Following the recent news that Johnson and Johnson (J&J) was divesting its DePuy trauma business to Biomet as a concession to the EU’s competition legislators, it has now been announced that an EU Competition Commission has given the green light to its takeover of Swiss company Synthes.
Last year J&J and Synthes announced that their respective boards had agreed for the former to acquire the latter in a mind-blowing $21.3Bn transaction. One of the hurdles to the acquisition was the gaining if EU Competition Commission blessing for the deal which was due to be concluded one way or the other by April 26th. A month ago we covered leaked reports suggesting that the EU Commission would deliver the thumbs up, which it now seems has occurred.

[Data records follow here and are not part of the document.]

text \<open>Feedback vertex set of the symmetric digraph of G (each edge = two
  opposite arcs): removing S leaves no directed cycle.\<close>
definition feedback_vertex_set :: "'a set \<Rightarrow> ('a \<Rightarrow> 'a \<Rightarrow> bool) \<Rightarrow> 'a set \<Rightarrow> bool" where
  "feedback_vertex_set V E S \<longleftrightarrow> S \<subseteq> V \<and>
     \<not> (\<exists>v. (induced (V - S) E)\<^sup>+\<^sup>+ v v)"

definition cycl :: "'a set \<Rightarrow> ('a \<Rightarrow> 'a \<Rightarrow> bool) \<Rightarrow> nat" where
  "cycl V E = (LEAST n. \<exists>S. feedback_vertex_set V E S \<and> card S = n)"

definition cop_move :: "nat \<Rightarrow> 'a \<Rightarrow> 'a set \<Rightarrow> 'a set \<Rightarrow> bool" where
  "cop_move k v C C' \<longleftrightarrow>
     C' = C \<or> (card C < k \<and> C' = insert v C) \<or> (\<exists>c\<in>C. C' = insert v (C - {c}))"

text \<open>A Cops' strategy maps the history of Thief positions v_0 ... v_i to the
  cop positions after the Cops' move in round i ([] gives the initial empty
  placement). It must always prescribe legal moves.\<close>
definition legal_cop_strategy :: "nat \<Rightarrow> 'a set \<Rightarrow> ('a list \<Rightarrow> 'a set) \<Rightarrow> bool" where
  "legal_cop_strategy k V \<sigma> \<longleftrightarrow> \<sigma> [] = {} \<and>
     (\<forall>xs v. v \<in> V \<and> v \<notin> \<sigma> xs \<longrightarrow> cop_move k v (\<sigma> xs) (\<sigma> (xs @ [v])))"

definition thief_escapes :: "'a set \<Rightarrow> ('a \<Rightarrow> 'a \<Rightarrow> bool) \<Rightarrow> ('a list \<Rightarrow> 'a set) \<Rightarrow> (nat \<Rightarrow> 'a) \<Rightarrow> bool" where
  "thief_escapes V E \<sigma> f \<longleftrightarrow> f 0 \<in> V \<and>
     (\<forall>i. E (f i) (f (Suc i)) \<and> f (Suc i) \<notin> \<sigma> (map f [0..<Suc i]))"

definition cops_win :: "nat \<Rightarrow> 'a set \<Rightarrow> ('a \<Rightarrow> 'a \<Rightarrow> bool) \<Rightarrow> bool" where
  "cops_win k V E \<longleftrightarrow>
     (\<exists>\<sigma>. legal_cop_strategy k V \<sigma> \<and> (\<forall>f. \<not> thief_escapes V E \<sigma> f))"

definition ent :: "'a set \<Rightarrow> ('a \<Rightarrow> 'a \<Rightarrow> bool) \<Rightarrow> nat" where
  "ent V E = (LEAST k. cops_win k V E)"

end

theory Submission
  imports Defs
begin

text \<open>A feedback vertex set of the symmetric digraph is exactly a vertex cover, since every
  edge yields a 2-cycle. So if Cycl(G) > k, an edge survives the removal of any k vertices,
  and Thief beats k cops by always standing on a vertex with a free neighbour: when a cop
  lands on him, the other at most k - 1 cops do not disconnect G, so a path leads from his
  vertex to a surviving edge, and its first two steps are free. Conversely, deleting fewer
  than k vertices of a k-connected graph leaves a connected graph on at least two vertices,
  which contains an edge; so Cycl(G) \<ge> k.\<close>

lemma induced_induced [simp]: "induced W (induced W E) = induced W E"
  unfolding induced_def by auto

lemma feedback_vertex_set_iff_no_edge:
  assumes "graph V E"
  shows "feedback_vertex_set V E S \<longleftrightarrow>
           S \<subseteq> V \<and> \<not> (\<exists>a b. E a b \<and> a \<in> V - S \<and> b \<in> V - S)"
proof -
  have "(\<exists>v. (induced (V - S) E)\<^sup>+\<^sup>+ v v) \<longleftrightarrow> (\<exists>a b. E a b \<and> a \<in> V - S \<and> b \<in> V - S)"
  proof
    assume "\<exists>v. (induced (V - S) E)\<^sup>+\<^sup>+ v v"
    then obtain v c where "induced (V - S) E v c" by (metis tranclpD)
    then show "\<exists>a b. E a b \<and> a \<in> V - S \<and> b \<in> V - S" unfolding induced_def by blast
  next
    assume "\<exists>a b. E a b \<and> a \<in> V - S \<and> b \<in> V - S"
    then obtain a b where "induced (V - S) E a b" "induced (V - S) E b a"
      using assms unfolding induced_def graph_def by blast
    then have "(induced (V - S) E)\<^sup>+\<^sup>+ a a" by (meson tranclp.r_into_trancl tranclp.trancl_into_trancl)
    then show "\<exists>v. (induced (V - S) E)\<^sup>+\<^sup>+ v v" by blast
  qed
  then show ?thesis unfolding feedback_vertex_set_def by blast
qed

lemma cycl_le_card:
  assumes "feedback_vertex_set V E S"
  shows "cycl V E \<le> card S"
  unfolding cycl_def by (rule Least_le) (use assms in blast)

lemma cycl_attained: "\<exists>S. feedback_vertex_set V E S \<and> card S = cycl V E"
proof -
  have "feedback_vertex_set V E V"
    unfolding feedback_vertex_set_def induced_def by (auto dest: tranclpD)
  show ?thesis unfolding cycl_def by (rule LeastI_ex) (use \<open>feedback_vertex_set V E V\<close> in blast)
qed

lemma k_connected_le_cycl:
  assumes g: "graph V E" and kc: "k_connected k V E"
  shows "k \<le> cycl V E"
proof (rule ccontr)
  assume "\<not> k \<le> cycl V E"
  have fin: "finite V" using g unfolding graph_def by blast
  obtain S where F: "feedback_vertex_set V E S" and cS: "card S = cycl V E"
    using cycl_attained by blast
  have SV: "S \<subseteq> V" using F unfolding feedback_vertex_set_def by blast
  have "card S < k" using \<open>\<not> k \<le> cycl V E\<close> cS by simp
  then have conn: "connected_graph (V - S) (induced (V - S) E)"
    using kc SV unfolding k_connected_def by blast
  have "card (V - S) = card V - card S" using SV fin by (simp add: card_Diff_subset finite_subset)
  then have "card (V - S) \<ge> 2" using \<open>card S < k\<close> kc unfolding k_connected_def by linarith
  then obtain u v where uv: "u \<in> V - S" "v \<in> V - S" "u \<noteq> v"
    using card_le_Suc0_iff_eq[of "V - S"] fin by fastforce
  then have "(induced (V - S) E)\<^sup>*\<^sup>* u v"
    using conn unfolding connected_graph_def by simp
  then obtain w where "induced (V - S) E u w"
    using uv(3) by (metis converse_rtranclpE)
  then show False
    using F g unfolding feedback_vertex_set_iff_no_edge[OF g] induced_def by blast
qed

lemma edge_outside_small_set:
  assumes g: "graph V E" and "k < cycl V E" and "S \<subseteq> V" and "card S \<le> k"
  shows "\<exists>a b. E a b \<and> a \<in> V - S \<and> b \<in> V - S"
proof -
  have "\<not> feedback_vertex_set V E S" using assms(2,4) cycl_le_card by fastforce
  then show ?thesis using assms(3) unfolding feedback_vertex_set_iff_no_edge[OF g] by blast
qed

lemma cop_move_card_le:
  assumes "finite C" "card C \<le> k" "cop_move k v C C'"
  shows "finite C' \<and> card C' \<le> k \<and> (C' = C \<or> v \<in> C')"
proof -
  consider "C' = C" | "card C < k" "C' = insert v C" | c where "c \<in> C" "C' = insert v (C - {c})"
    using assms(3) unfolding cop_move_def by blast
  then show ?thesis
  proof cases
    case 3
    then have "card C' \<le> Suc (card C - 1)" "card C > 0"
      using assms(1) card_gt_0_iff by (auto simp: card_insert_if card_Diff_singleton)
    then show ?thesis using 3 assms(1,2) by simp
  qed (use assms in \<open>simp_all add: card_insert_if\<close>)
qed

lemma trapped_component:
  assumes trap: "\<And>y z. E x y \<Longrightarrow> y \<notin> C \<Longrightarrow> E y z \<Longrightarrow> z \<in> C"
    and avoid: "W \<inter> C \<subseteq> {x}"
    and path: "(induced W E)\<^sup>*\<^sup>* x w"
  shows "w = x \<or> (E x w \<and> w \<notin> C)"
  using path
proof (induction rule: rtranclp_induct)
  case (step y w)
  then have "E y w" "w \<in> W" unfolding induced_def by auto
  with step.IH show ?case using trap avoid by blast
qed simp

lemma thief_safe_move:
  assumes g: "graph V E" and kc: "k_connected k V E"
    and cycl: "k < cycl V E"
    and xV: "x \<in> V" and fin: "finite C" and cardC: "card C \<le> k"
    and safe: "x \<in> C \<or> (\<exists>z. E x z \<and> z \<notin> C)"
  shows "\<exists>y. E x y \<and> y \<notin> C \<and> (\<exists>z. E y z \<and> z \<notin> C)"
proof (cases "x \<in> C")
  case False
  then obtain z where "E x z" "z \<notin> C" using safe by blast
  then show ?thesis using False g unfolding graph_def by blast
next
  case True
  show ?thesis
  proof (rule ccontr)
    assume "\<not> ?thesis"
    then have trap: "\<And>y z. E x y \<Longrightarrow> y \<notin> C \<Longrightarrow> E y z \<Longrightarrow> z \<in> C" by blast
    have "card (C \<inter> V) \<le> k" using fin cardC by (meson card_mono inf_le1 le_trans)
    then obtain a b where ab: "E a b" "a \<in> V - C" "b \<in> V - C"
      using edge_outside_small_set[OF g cycl, of "C \<inter> V"] by blast
    define S where "S = C \<inter> V - {x}"
    have "x \<in> C \<inter> V" using True xV by blast
    then have "card S < card (C \<inter> V)" unfolding S_def using fin by (simp only: card_Diff1_less_iff) simp
    then have "card S < k" using \<open>card (C \<inter> V) \<le> k\<close> by linarith
    moreover have "S \<subseteq> V" unfolding S_def by blast
    ultimately have "connected_graph (V - S) (induced (V - S) E)"
      using kc unfolding k_connected_def by blast
    moreover have "x \<in> V - S" "a \<in> V - S" using xV ab unfolding S_def by blast+
    ultimately have path: "(induced (V - S) E)\<^sup>*\<^sup>* x a"
      unfolding connected_graph_def by simp
    have avoid: "(V - S) \<inter> C \<subseteq> {x}" unfolding S_def by blast
    have "a = x \<or> (E x a \<and> a \<notin> C)"
      by (rule trapped_component[OF trap avoid path])
    then show False using ab True trap by blast
  qed
qed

As a concessionary measure J&J announced recently that it was to divest its existing trauma business in a $280M deal with Biomet, which is resulting in the division being uprooted and replanted in expedient fashion. Now the EU Commission has concluded that the J&J/Synthes merged entity will continue to face competition, not least in the shape of its former employees, albeit wearing new badges.
The remaining hurdle is U.S Antitrust legislation. According to Bloomberg, J&J is said to be “actively working with” U.S. regulators who have not yet approved the Synthes acquisition, according to company spokesperson Lorie Gawreluk. J&J was required to seek approval from five regulatory agencies and has now received clearance from Japan, Canada, China and the EU, she said. J&J expects the Synthes deal to close by end-June 2012.
“We obtained remedies to ensure that competition will remain strong in these markets, for the ultimate benefit of patients and social security systems,” said EU Competition Commissioner Joaquin Almunia in a statement.